Assuming no `try` testing, with Homu’s serial scheduling of `r+` testing
this means that that worker sits idle for 42 minutes
and our limited CPU resources are under-utilized.
When there *are* `try` PRs being tested however, they compete with
each other and any `r+` PR for the same workers. If we get unlucky,
a 61 minute task could only *start* after some other tasks have finished,
Increasing the overall time-to-merge a lot.
## This
This PR changes the number of chunks to be significantly more
than the number of available workers. When one of them finishes,
that worker can pick up another one instead of sitting idle.
Now the ratio of number of tasks to number of workers doesn’t matter:
the differences in run time between tasks becomes somewhat of an advantage
and the distribution to workers evens out on average.
The number 30 is a bit arbitrary. A higher number reduces resource
under-utilization, but increases the effect of per-task overhead.

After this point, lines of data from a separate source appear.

lemma move_level_mono:
  assumes "0 < \<tau>" "0 \<le> t" "s1 \<le> s2"
    and "\<not> (min t \<tau> < \<bar>s1\<bar> \<and> \<bar>s1\<bar> < max t \<tau>)" "\<not> (min t \<tau> < \<bar>s2\<bar> \<and> \<bar>s2\<bar> < max t \<tau>)"
  shows "move_level \<tau> t s1 \<le> move_level \<tau> t s2"
  using assms unfolding move_level_def sgn_if min_def max_def abs_if by (auto split: if_splits)

lemma move_level_preserves_signed_order:
  assumes "0 < \<tau>" "0 \<le> t" and gap: "\<And>i. i \<in> {1..k} \<Longrightarrow> \<not> (min t \<tau> < \<bar>c i\<bar> \<and> \<bar>c i\<bar> < max t \<tau>)"
  shows "preserves_signed_order k c (\<lambda>i. move_level \<tau> t (c i))"
  unfolding preserves_signed_order_def
proof (intro ballI impI)
  fix a b ya yb
  assume ab: "a \<in> {1..k}" "b \<in> {1..k}" and y: "ya \<in> {-1, 1}" "yb \<in> {-1, 1}"
    and le: "c a * ya \<le> c b * yb"
  have "move_level \<tau> t (c a * ya) \<le> move_level \<tau> t (c b * yb)"
    using y gap[OF ab(1)] gap[OF ab(2)] by (intro move_level_mono[OF assms(1,2) le]) (auto simp: abs_mult)
  then show "move_level \<tau> t (c a) * ya \<le> move_level \<tau> t (c b) * yb"
    by (simp only: move_level_mult_sign[OF y(1)] move_level_mult_sign[OF y(2)])
qed

lemma move_level_in_unit_cube:
  "c \<in> unit_cube k \<Longrightarrow> 0 < \<tau> \<Longrightarrow> 0 \<le> t \<Longrightarrow> t \<le> 1 \<Longrightarrow> (\<lambda>i. move_level \<tau> t (c i)) \<in> unit_cube k"
  by (auto simp: unit_cube_def abs_move_level)
lemma pcauchy_inverse:
  assumes "pcauchy p X" "\<not> pnull p X"
  shows "pcauchy p (\<lambda>n. inverse (X n))"
  unfolding pcauchy_iff_eventually
proof
  fix k
  obtain k0 where k0: "\<forall>\<^sub>F n in sequentially. \<not> psmall p k0 (X n)"
    using not_pnull_eventually_not_psmall[OF assms] by blast
  have "\<forall>\<^sub>F mn in sequentially \<times>\<^sub>F sequentially. psmall p (k + k0 + k0) (X (fst mn) - X (snd mn))"
    using assms(1) by (simp add: pcauchy_iff_eventually)
  moreover note eventually_prodI[OF k0 k0]
  ultimately show "\<forall>\<^sub>F mn in sequentially \<times>\<^sub>F sequentially.
                     psmall p k (inverse (X (fst mn)) - inverse (X (snd mn)))"
  proof eventually_elim
    case (elim mn)
    define x y where "x = X (fst mn)" and "y = X (snd mn)"
    have large: "\<not> psmall p k0 x" "\<not> psmall p k0 y"
      using elim(2) unfolding x_def y_def by auto
    have "psmall p (k + k0 + k0) (y - x)"
      using elim(1) psmall_uminus[of p _ "x - y"] unfolding x_def y_def by simp
    then have "psmall p (k + k0) ((y - x) / x)"
      by (rule psmall_divide[OF large(1)])
    then have "psmall p k ((y - x) / x / y)"
      by (rule psmall_divide[OF large(2)])
    moreover have "x \<noteq> 0" "y \<noteq> 0"
      using large by auto
    ultimately show ?case
      unfolding x_def[symmetric] y_def[symmetric] by (simp add: field_simps)
  qed
qed

lemma pnull_mult_inverse_minus_1:
  assumes "pcauchy p X" "\<not> pnull p X"
  shows "pnull p (\<lambda>n. X n * inverse (X n) - 1)"
proof (rule pnull_eventually_0)
  obtain k where "\<forall>\<^sub>F n in sequentially. \<not> psmall p k (X n)"
    using not_pnull_eventually_not_psmall[OF assms] by blast
  then show "\<forall>\<^sub>F n in sequentially. X n * inverse (X n) - 1 = 0"
    by eventually_elim (subst right_inverse, auto)
qed

lemma not_pnull_mult:
  assumes "pcauchy p X" "pcauchy p Y" "\<not> pnull p X" "\<not> pnull p Y"
  shows "\<not> pnull p (\<lambda>n. X n * Y n)"
proof
  assume "pnull p (\<lambda>n. X n * Y n)"
  then have "pnull p (\<lambda>n. (X n * Y n) * inverse (X n))"
    using pnull_mult pcauchy_inverse assms(1,3) by blast
  moreover have "pnull p (\<lambda>n. Y n * (X n * inverse (X n) - 1))"
    using pnull_mult_left[OF assms(2) pnull_mult_inverse_minus_1[OF assms(1,3)]] .
  ultimately have "pnull p (\<lambda>n. (X n * Y n) * inverse (X n) - Y n * (X n * inverse (X n) - 1))"
    by (rule pnull_diff)
  moreover have "(\<lambda>n. (X n * Y n) * inverse (X n) - Y n * (X n * inverse (X n) - 1)) = Y"
    by (simp add: algebra_simps)
  ultimately show False using assms(4) by simp
qed

lemma pnull_lincomb:
  assumes "pnull p X" "pnull p Y" "pcauchy p U" "pcauchy p V"
    and "\<And>n. Z n = U n * X n + V n * Y n"
  shows "pnull p Z"
proof -
  have "pnull p (\<lambda>n. U n * X n + V n * Y n)"
    using assms(1-4) by (intro pnull_add pnull_mult_left)
  moreover have "Z = (\<lambda>n. U n * X n + V n * Y n)"
    using assms(5) by (rule ext)
  ultimately show ?thesis by simp
qed

lemma not_pnull_inverse:
  assumes "pcauchy p X" "\<not> pnull p X"
  shows "\<not> pnull p (\<lambda>n. inverse (X n))"
proof
  assume "pnull p (\<lambda>n. inverse (X n))"
  then have "pnull p (\<lambda>n. X n * inverse (X n))"
    by (rule pnull_mult_left[OF assms(1)])
  from pnull_diff[OF this pnull_mult_inverse_minus_1[OF assms]] show False
    by simp
qed

end

section \<open>Arithmetic in \<open>\<rat>\<^sub>p\<close>\<close>

lemma qp_cls_in_Qp: "pcauchy p X \<Longrightarrow> qp_cls p X \<in> Qp p"
  unfolding Qp_def by blast

lemma QpE:
  assumes "a \<in> Qp p"
  obtains X where "pcauchy p X" "a = qp_cls p X"
  using assms unfolding Qp_def by blast

lemma qp_of_int_in_Qp: "qp_of_int p z \<in> Qp p"
  unfolding qp_of_int_def by (rule qp_cls_in_Qp[OF pcauchy_const])

lemma qp_one_cls: "qp_one p = qp_cls p (\<lambda>n. 1)"
  by (simp add: qp_one_def qp_of_int_def)

context padic
begin

lemma self_in_qp_cls: "pcauchy p X \<Longrightarrow> X \<in> qp_cls p X"
  by (simp add: qp_cls_def)

lemma qp_cls_eq_iff:
  assumes "pcauchy p X" "pcauchy p Y"
  shows "qp_cls p X = qp_cls p Y \<longleftrightarrow> pnull p (\<lambda>n. X n - Y n)"
proof
  assume "qp_cls p X = qp_cls p Y"
  then have "Y \<in> qp_cls p X" using self_in_qp_cls[OF assms(2)] by simp
  then show "pnull p (\<lambda>n. X n - Y n)" unfolding qp_cls_def by simp
next
  assume XY: "pnull p (\<lambda>n. X n - Y n)"
  have "pnull p (\<lambda>n. X n - Z n) \<longleftrightarrow> pnull p (\<lambda>n. Y n - Z n)" for Z
    using pnull_diff[OF _ XY, of "\<lambda>n. X n - Z n"] pnull_add[OF _ XY, of "\<lambda>n. Y n - Z n"]
    by auto
  then show "qp_cls p X = qp_cls p Y" unfolding qp_cls_def by blast
qed

lemma qp_rep_cls:
  assumes "pcauchy p X"
  shows "pcauchy p (qp_rep (qp_cls p X))" "pnull p (\<lambda>n. X n - qp_rep (qp_cls p X) n)"
proof -
  have "qp_rep (qp_cls p X) \<in> qp_cls p X"
    unfolding qp_rep_def using self_in_qp_cls[OF assms] by (rule someI[where P = "\<lambda>Y. Y \<in> qp_cls p X"])
  then show "pcauchy p (qp_rep (qp_cls p X))" "pnull p (\<lambda>n. X n - qp_rep (qp_cls p X) n)"
    unfolding qp_cls_def by simp_all
qed

lemma Qp_rep:
  assumes "a \<in> Qp p"
  shows "pcauchy p (qp_rep a)" "qp_cls p (qp_rep a) = a"
proof -
  obtain X where X: "pcauchy p X" "a = qp_cls p X"
    using assms by (rule QpE)
  then show "pcauchy p (qp_rep a)" using qp_rep_cls by simp
  with X show "qp_cls p (qp_rep a) = a"
    using qp_cls_eq_iff qp_rep_cls pnull_diff_commute by metis
qed

lemma qp_add_cls:
  assumes "pcauchy p X" "pcauchy p Y"
  shows "qp_add p (qp_cls p X) (qp_cls p Y) = qp_cls p (\<lambda>n. X n + Y n)"
proof -
  define R S where "R = qp_rep (qp_cls p X)" and "S = qp_rep (qp_cls p Y)"
  have "pnull p (\<lambda>n. (X n - R n) + (Y n - S n))"
    using assms by (intro pnull_add) (simp_all add: qp_rep_cls R_def S_def)
  then have "pnull p (\<lambda>n. (X n + Y n) - (R n + S n))"
    by (simp add: algebra_simps)
  then have "qp_cls p (\<lambda>n. X n + Y n) = qp_cls p (\<lambda>n. R n + S n)"
    using assms by (subst qp_cls_eq_iff) (simp_all add: pcauchy_add qp_rep_cls R_def S_def)
  then show ?thesis
    unfolding qp_add_def R_def[symmetric] S_def[symmetric] by simp
qed

lemma qp_mul_cls:
  assumes "pcauchy p X" "pcauchy p Y"
  shows "qp_mul p (qp_cls p X) (qp_cls p Y) = qp_cls p (\<lambda>n. X n * Y n)"
proof -
  define R S where "R = qp_rep (qp_cls p X)" and "S = qp_rep (qp_cls p Y)"
  have R: "pcauchy p R" "pnull p (\<lambda>n. X n - R n)" and S: "pcauchy p S" "pnull p (\<lambda>n. Y n - S n)"
    using assms by (simp_all add: qp_rep_cls R_def S_def)
  have "pnull p (\<lambda>n. R n * (Y n - S n) + (X n - R n) * Y n)"
    by (intro pnull_add pnull_mult_left[OF R(1) S(2)] pnull_mult[OF R(2) assms(2)])
  then have "pnull p (\<lambda>n. X n * Y n - R n * S n)"
    by (simp add: algebra_simps)
  then have "qp_cls p (\<lambda>n. X n * Y n) = qp_cls p (\<lambda>n. R n * S n)"
    by (subst qp_cls_eq_iff) (simp_all add: pcauchy_mult R S assms)
  then show ?thesis
    unfolding qp_mul_def R_def[symmetric] S_def[symmetric] by simp
qed
lemma cinner_B_self_Im: "Im (cinner x (B x)) = 0"
  and cinner_B_self_le: "Re (cinner x (B x)) \<le> (norm x)\<^sup>2"
proof -
  have sum: "((\<lambda>n. cinner x (sqrt_coeff n *\<^sub>R (A ^^ n) x)) has_sum cinner x (B x)) UNIV"
    by (rule has_sum_bounded_linear[OF bounded_linear_cinner_right sqrt_series_has_sum])
  have "((\<lambda>n. Im (cinner x (sqrt_coeff n *\<^sub>R (A ^^ n) x))) has_sum Im (cinner x (B x))) UNIV"
    by (rule has_sum_bounded_linear[OF bounded_linear_Im sum])
  moreover have "((\<lambda>n. Im (cinner x (sqrt_coeff n *\<^sub>R (A ^^ n) x))) has_sum 0) UNIV"
    by (rule has_sum_0) (simp add: cinner_scaleR_right cinner_A_power_self_Im)
  ultimately show "Im (cinner x (B x)) = 0" by (rule has_sum_unique)
  have "Re (cinner x (B x)) \<le> norm x * norm (B x)"
    using complex_Re_le_cmod norm_cinner_le order_trans by blast
  also have "\<dots> \<le> (norm x)\<^sup>2"
    using mult_left_mono[OF norm_B_le[of x], of "norm x"] by (simp add: power2_eq_square)
  finally show "Re (cinner x (B x)) \<le> (norm x)\<^sup>2" .
qed

lemma sqrt_series_product_abs_summable:
  "(\<lambda>(i,j). (sqrt_coeff i * sqrt_coeff j) *\<^sub>R (A ^^ (i + j)) x) abs_summable_on UNIV \<times> UNIV"
proof -
  define f where "f = (\<lambda>(i,j). (sqrt_coeff i * sqrt_coeff j) *\<^sub>R (A ^^ (i + j)) x)"
  have f_le: "norm (f (i,j)) \<le> sqrt_coeff i * norm x * sqrt_coeff j" for i j
    unfolding f_def using sqrt_coeff_nonneg[of i] sqrt_coeff_nonneg[of j]
      mult_left_mono[OF norm_A_power_le[of "i + j" x], of "sqrt_coeff i * sqrt_coeff j"]
    by (simp add: abs_mult mult_ac)
  have rows: "(\<lambda>j. norm (f (i,j))) summable_on UNIV" for i
    by (rule Infinite_Sum.abs_summable_on_comparison_test'[of "\<lambda>j. sqrt_coeff i * norm x * sqrt_coeff j"])
       (auto intro: summable_on_cmult_right[OF sqrt_coeff_summable] f_le)
  have row_sum_le: "infsum (\<lambda>j. norm (f (i,j))) UNIV \<le> sqrt_coeff i * norm x" for i
  proof -
    have "infsum (\<lambda>j. norm (f (i,j))) UNIV \<le> infsum (\<lambda>j. sqrt_coeff i * norm x * sqrt_coeff j) UNIV"
      by (rule infsum_mono[OF rows summable_on_cmult_right[OF sqrt_coeff_summable] f_le])
    also have "\<dots> = sqrt_coeff i * norm x * infsum sqrt_coeff UNIV"
      by (rule infsum_cmult_right) (simp add: sqrt_coeff_summable)
    also have "\<dots> \<le> sqrt_coeff i * norm x"
      using sqrt_coeff_nonneg[of i] sqrt_coeff_infsum_le by (simp add: mult_left_le)
    finally show ?thesis .
  qed
  have "(\<lambda>i. norm (infsum (\<lambda>j. norm (f (i,j))) UNIV)) summable_on UNIV"
  proof (rule Infinite_Sum.abs_summable_on_comparison_test'[of "\<lambda>i. sqrt_coeff i * norm x"])
    show "(\<lambda>i. sqrt_coeff i * norm x) summable_on UNIV"
      by (rule summable_on_cmult_left[OF sqrt_coeff_summable])
    show "norm (infsum (\<lambda>j. norm (f (i,j))) UNIV) \<le> sqrt_coeff i * norm x" for i
      using row_sum_le[of i] infsum_nonneg[of UNIV "\<lambda>j. norm (f (i,j))"] by simp
  qed
  then have "f abs_summable_on UNIV \<times> UNIV"
    using Infinite_Sum.abs_summable_on_Sigma_iff[of f UNIV "\<lambda>_. UNIV"] rows by auto
  then show ?thesis unfolding f_def .
qed
(* Let $n>5$ with $n\equiv 0\pmod 4$. Over all even $r\in[2,n-2]$, $E(D_n^s[\boldsymbol r,\boldsymbol{n-r}])$ attains its maximum at $r=4$. More precisely: if $\frac n2\equiv 0\pmod 4$, then $E(D_n^s[\boldsymbol r,\boldsymbol{n-r}])$ is strictly decreasing as $r$ runs through $4,8,\dots,\frac n2,\ \frac n2-2,\frac n2-6,\dots,2$ (in this order); if $\frac n2\equiv 2\pmod 4$, then it is strictly decreasing as $r$ runs through $4,8,\dots,\frac n2-2,\ \frac n2,\frac n2-4,\dots,2$.
   Context: A signed digraph (sidigraph) is a digraph in which every arc carries a sign $+1$ or $-1$; its adjacency matrix $A(S)=[a_{ij}]$ has $a_{ij}$ equal to the sign of the arc $w_iw_j$ if it exists and $0$ otherwise. If $\rho_1,\dots,\rho_n$ are the eigenvalues of $A(S)$, the energy of $S$ is $E(S)=\sum_{k=1}^n|\mathrm{Re}(\rho_k)|$. The sign of a directed cycle is the product of the signs of its arcs. For $k\ge 2$, $C_k$ denotes a directed cycle of length $k$ with sign $+1$ and $\boldsymbol{C}_k$ a directed cycle of length $k$ with sign $-1$. It is known that $E(C_k)=2\cot\frac{\pi}{k}$ if $k\equiv0\pmod 4$, $2\csc\frac{\pi}{k}$ if $k\equiv 2\pmod 4$, $\csc\frac{\pi}{2k}$ if $k$ is odd; and $E(\boldsymbol C_k)=2\csc\frac{\pi}{k}$ if $k\equiv0\pmod 4$, $2\cot\frac{\pi}{k}$ if $k\equiv 2\pmod 4$, $\csc\frac{\pi}{2k}$ if $k$ is odd. For integers $p,q\ge 2$ with $p+q\le n$, $D_n^s[p,q]$, $D_n^s[\boldsymbol p,\boldsymbol q]$, $D_n^s[\boldsymbol p,q]$, $D_n^s[p,\boldsymbol q]$ denote an $n$-vertex sidigraph whose only directed cycles are two vertex-disjoint cycles of lengths $p$ and $q$ (all other vertices lying on no directed cycle), where a bold entry indicates that the cycle of that length is negative and a non-bold entry that it is positive. Its energy is the sum of the energies of its two cycles, e.g. $E(D_n^s[\boldsymbol p,\boldsymbol q])=E(\boldsymbol C_p)+E(\boldsymbol C_q)$; in particular the order of the two entries does not matter. *)

theory Defs
  imports Complex_Main
begin

text \<open>Energy of a directed cycle of length k with sign -1 (bold C_k), as given
in the paper: 2 csc(pi/k) if k = 0 mod 4, 2 cot(pi/k) if k = 2 mod 4,
csc(pi/(2k)) if k odd.\<close>
definition neg_cycle_energy :: "nat \<Rightarrow> real" where
  "neg_cycle_energy k =
     (if k mod 4 = 0 then 2 / sin (pi / real k)
      else if k mod 4 = 2 then 2 * cot (pi / real k)
      else 1 / sin (pi / (2 * real k)))"

text \<open>Energy of D_n^s[bold p, bold q]: sum of the energies of its two negative cycles.\<close>
definition energy_D_neg_neg :: "nat \<Rightarrow> nat \<Rightarrow> nat \<Rightarrow> real" where
  "energy_D_neg_neg n p q = neg_cycle_energy p + neg_cycle_energy q"

end

theory Submission
  imports Defs
begin

text \<open>
  By the energy formulas, a negative r-cycle with r = 0 (mod 4) contributes 2 csc(pi/r) and one
  with r = 2 (mod 4) contributes 2 cot(pi/r); since 4 divides n, r and n - r have the same residue.
  On (1, infinity) the function x \<mapsto> csc(pi/x) is strictly convex and x \<mapsto> cot(pi/x) strictly
  concave: with t = pi/x their derivatives are (t^2 cos t / sin^2 t)/pi and (t / sin t)^2/pi,
  which are monotone in t on (0, pi). Hence csc(pi/r) + csc(pi/(n-r)) strictly decreases as
  r = 0 (mod 4) moves from 4 towards n/2, and cot(pi/r) + cot(pi/(n-r)) strictly increases as
  r = 2 (mod 4) moves from 2 towards n/2. The two chains are linked in the middle by cot < csc
  together with one more convexity (resp. concavity) step.
\<close>

lemma mult_cos_less_sin:
  assumes "0 < s" "s \<le> pi"
  shows "s * cos s < sin s"
proof -
  have "(\<lambda>x. sin x - x * cos x) 0 < (\<lambda>x. sin x - x * cos x) s"
  proof (rule DERIV_pos_imp_increasing_open[OF assms(1)])
    fix x assume x: "0 < x" "x < s"
    have "DERIV (\<lambda>x. sin x - x * cos x) x :> x * sin x"
      by (auto intro!: derivative_eq_intros)
    moreover have "x * sin x > 0"
      using x assms by (intro mult_pos_pos sin_gt_zero) auto
    ultimately show "\<exists>y. DERIV (\<lambda>x. sin x - x * cos x) x :> y \<and> y > 0" by blast
  qed (intro continuous_intros)
  then show ?thesis by simp
qed

lemma two_sin_cos_less:
  assumes "0 < s" "s \<le> pi"
  shows "2 * sin s * cos s < s * (1 + (cos s)\<^sup>2)"
proof -
  let ?w = "\<lambda>x. x * (1 + (cos x)\<^sup>2) - 2 * sin x * cos x"
  have "?w 0 < ?w s"
  proof (rule DERIV_pos_imp_increasing_open[OF assms(1)])
    fix x assume x: "0 < x" "x < s"
    have "DERIV ?w x :> sin x * (sin x + 2 * (sin x - x * cos x))"
      by (auto intro!: derivative_eq_intros
          simp: algebra_simps power2_eq_square cos_squared_eq[symmetric])
    moreover have "sin x * (sin x + 2 * (sin x - x * cos x)) > 0"
      using x assms mult_cos_less_sin[of x] by (intro mult_pos_pos add_pos_pos sin_gt_zero) auto
    ultimately show "\<exists>y. DERIV ?w x :> y \<and> y > 0" by blast
  qed (intro continuous_intros)
  then show ?thesis by simp
qed

lemma sq_mult_cos_div_sin_sq_decreasing:
  assumes "0 < s" "s < u" "u < pi"
  shows "u\<^sup>2 * cos u / (sin u)\<^sup>2 < s\<^sup>2 * cos s / (sin s)\<^sup>2"
proof (rule DERIV_neg_imp_decreasing[OF assms(2)])
  fix x assume x: "s \<le> x" "x \<le> u"
  have sx: "sin x > 0" using x assms by (intro sin_gt_zero) auto
  have "DERIV (\<lambda>x. x\<^sup>2 * cos x / (sin x)\<^sup>2) x :>
      x * (2 * sin x * cos x - x * ((sin x)\<^sup>2 + 2 * (cos x)\<^sup>2)) / (sin x)^3"
    using sx by (auto intro!: derivative_eq_intros
        simp: field_simps power2_eq_square power3_eq_cube)
  moreover have "(sin x)\<^sup>2 + 2 * (cos x)\<^sup>2 = 1 + (cos x)\<^sup>2"
    by (simp add: sin_squared_eq)
  moreover have "x * (2 * sin x * cos x - x * (1 + (cos x)\<^sup>2)) / (sin x)^3 < 0"
    using two_sin_cos_less[of x] x assms sx by (intro divide_neg_pos mult_pos_neg) auto
  ultimately show "\<exists>y. DERIV (\<lambda>x. x\<^sup>2 * cos x / (sin x)\<^sup>2) x :> y \<and> y < 0" by auto
qed

lemma div_sin_increasing:
  assumes "0 < s" "s < u" "u < pi"
  shows "s / sin s < u / sin u"
proof (rule DERIV_pos_imp_increasing[OF assms(2)])
  fix x assume x: "s \<le> x" "x \<le> u"
  have sx: "sin x > 0" using x assms by (intro sin_gt_zero) auto
  have "DERIV (\<lambda>x. x / sin x) x :> (sin x - x * cos x) / (sin x)\<^sup>2"
    using sx by (auto intro!: derivative_eq_intros simp: power2_eq_square)
  moreover have "(sin x - x * cos x) / (sin x)\<^sup>2 > 0"
    using mult_cos_less_sin[of x] x assms sx by simp
  ultimately show "\<exists>y. DERIV (\<lambda>x. x / sin x) x :> y \<and> y > 0" by blast
qed

lemma increments_less_of_deriv_strict_mono:
  fixes f f' :: "real \<Rightarrow> real"
  assumes der: "\<And>x. lo < x \<Longrightarrow> (f has_real_derivative f' x) (at x)"
    and mono: "\<And>x y. lo < x \<Longrightarrow> x < y \<Longrightarrow> f' x < f' y"
    and "lo < x" "0 < d" "x + d \<le> y"
  shows "f (x + d) - f x < f (y + d) - f y"
proof -
  obtain z1 where z1: "x < z1" "z1 < x + d" "f (x + d) - f x = d * f' z1"
    using MVT2[of x "x + d" f f'] der assms by auto
  obtain z2 where z2: "y < z2" "f (y + d) - f y = d * f' z2"
    using MVT2[of y "y + d" f f'] der assms by auto
  have "f' z1 < f' z2" using mono z1 z2 assms by simp
  then show ?thesis using z1 z2 assms by simp
qed

definition csc_pi_div :: "real \<Rightarrow> real" where
  "csc_pi_div x = 1 / sin (pi / x)"

lemma pi_div_bounds:
  assumes "1 < x"
  shows "0 < pi / x" "pi / x < pi" "0 < sin (pi / x)"
proof -
  show "0 < pi / x" "pi / x < pi" using assms by (simp_all add: divide_less_eq)
  then show "0 < sin (pi / x)" by (rule sin_gt_zero)
qed

lemma DERIV_csc_pi_div:
  assumes "1 < x"
  shows "DERIV csc_pi_div x :> (pi / x)\<^sup>2 * cos (pi / x) / (sin (pi / x))\<^sup>2 / pi"
  unfolding csc_pi_div_def[abs_def] using assms pi_div_bounds[OF assms]
  by (auto intro!: derivative_eq_intros simp: field_simps power2_eq_square)

lemma DERIV_cot_pi_div:
  assumes "1 < x"
  shows "DERIV (\<lambda>x. cot (pi / x)) x :> ((pi / x) / sin (pi / x))\<^sup>2 / pi"
proof -
  have "sin (pi / x) \<noteq> 0" using pi_div_bounds[OF assms] by simp
  moreover have "DERIV (\<lambda>x. pi / x) x :> - pi / x\<^sup>2"
    using assms by (auto intro!: derivative_eq_intros simp: power2_eq_square)
  ultimately have "DERIV (\<lambda>x. cot (pi / x)) x :> - inverse ((sin (pi / x))\<^sup>2) * (- pi / x\<^sup>2)"
    by (rule DERIV_chain2[OF DERIV_cot])
  then show ?thesis using assms by (simp add: field_simps power2_eq_square)
qed

lemma csc_pi_div_increments_increasing:
  assumes "1 < x" "0 < d" "x + d \<le> y"
  shows "csc_pi_div (x + d) - csc_pi_div x < csc_pi_div (y + d) - csc_pi_div y"
proof (rule increments_less_of_deriv_strict_mono[OF DERIV_csc_pi_div _ assms])
  fix x y :: real assume "1 < x" "x < y"
  then have "(pi / x)\<^sup>2 * cos (pi / x) / (sin (pi / x))\<^sup>2
      < (pi / y)\<^sup>2 * cos (pi / y) / (sin (pi / y))\<^sup>2"
    using pi_div_bounds[of x] pi_div_bounds[of y]
    by (intro sq_mult_cos_div_sin_sq_decreasing) (auto simp: frac_less2)
  then show "(pi / x)\<^sup>2 * cos (pi / x) / (sin (pi / x))\<^sup>2 / pi
      < (pi / y)\<^sup>2 * cos (pi / y) / (sin (pi / y))\<^sup>2 / pi"
    by (rule divide_strict_right_mono) simp
qed

lemma cot_pi_div_increments_decreasing:
  assumes "1 < x" "0 < d" "x + d \<le> y"
  shows "cot (pi / (y + d)) - cot (pi / y) < cot (pi / (x + d)) - cot (pi / x)"
proof -
  have "(\<lambda>x. - cot (pi / x)) (x + d) - (\<lambda>x. - cot (pi / x)) x
      < (\<lambda>x. - cot (pi / x)) (y + d) - (\<lambda>x. - cot (pi / x)) y"
  proof (rule increments_less_of_deriv_strict_mono[OF DERIV_minus[OF DERIV_cot_pi_div] _ assms])
    fix x y :: real assume "1 < x" "x < y"
    then have "(pi / y) / sin (pi / y) < (pi / x) / sin (pi / x)"
      using pi_div_bounds[of x] pi_div_bounds[of y]
      by (intro div_sin_increasing) (auto simp: frac_less2)
    moreover have "0 < (pi / y) / sin (pi / y)"
      using pi_div_bounds[of y] \<open>1 < x\<close> \<open>x < y\<close> by simp
    ultimately show "- (((pi / x) / sin (pi / x))\<^sup>2 / pi) < - (((pi / y) / sin (pi / y))\<^sup>2 / pi)"
      by (simp add: divide_strict_right_mono power_strict_mono)
  qed
  then show ?thesis by simp
qed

The git cache added in https://github.com/servo/servo/pull/24753
reduced that overhead, though.
Another worry I had was whether this would make worse the similar problem
of unequal scheduling between processes within a task,
where some CPU cores sit idle while the rest processes finish their
assigned work.
This turned out not to be enough of a problem to negatively affect
the total machine time:
https://community-tc.services.mozilla.com/tasks/groups/VnDac92HQU6QmrpzWPCR2w
```
count 1, total 0:00:48, max: 0:00:48 docker 0:00:48
count 1, total 0:39:04, max: 0:39:04 macos-disabled-mac9 0:39:04
count 31, total 4:03:29, max: 0:15:29 macos-disabled-mac9 WPT
0:07:26 0:08:39 0:04:21 0:07:13 0:12:47 0:10:11 0:04:01 0:03:36
0:10:43 0:12:57 0:04:47 0:04:06 0:10:09 0:12:00 0:12:42 0:04:40
0:04:24 0:12:20 0:12:15 0:03:03 0:07:35 0:11:35 0:07:01 0:04:16
0:09:40 0:05:08 0:05:01 0:06:29 0:15:29 0:02:28 0:06:27
```
(4h03min is even lower than above, but seems within variation.)
## After this
https://github.com/servo/servo/issues/23655 proposes automatically
restarting failed WPT tasks, in case the failure is intermittent.
With the test suite split into more chunks we have fewer tests per chunk,
and therefore lower probability that a given one fails.
Restarting one of them also causes less repeated work.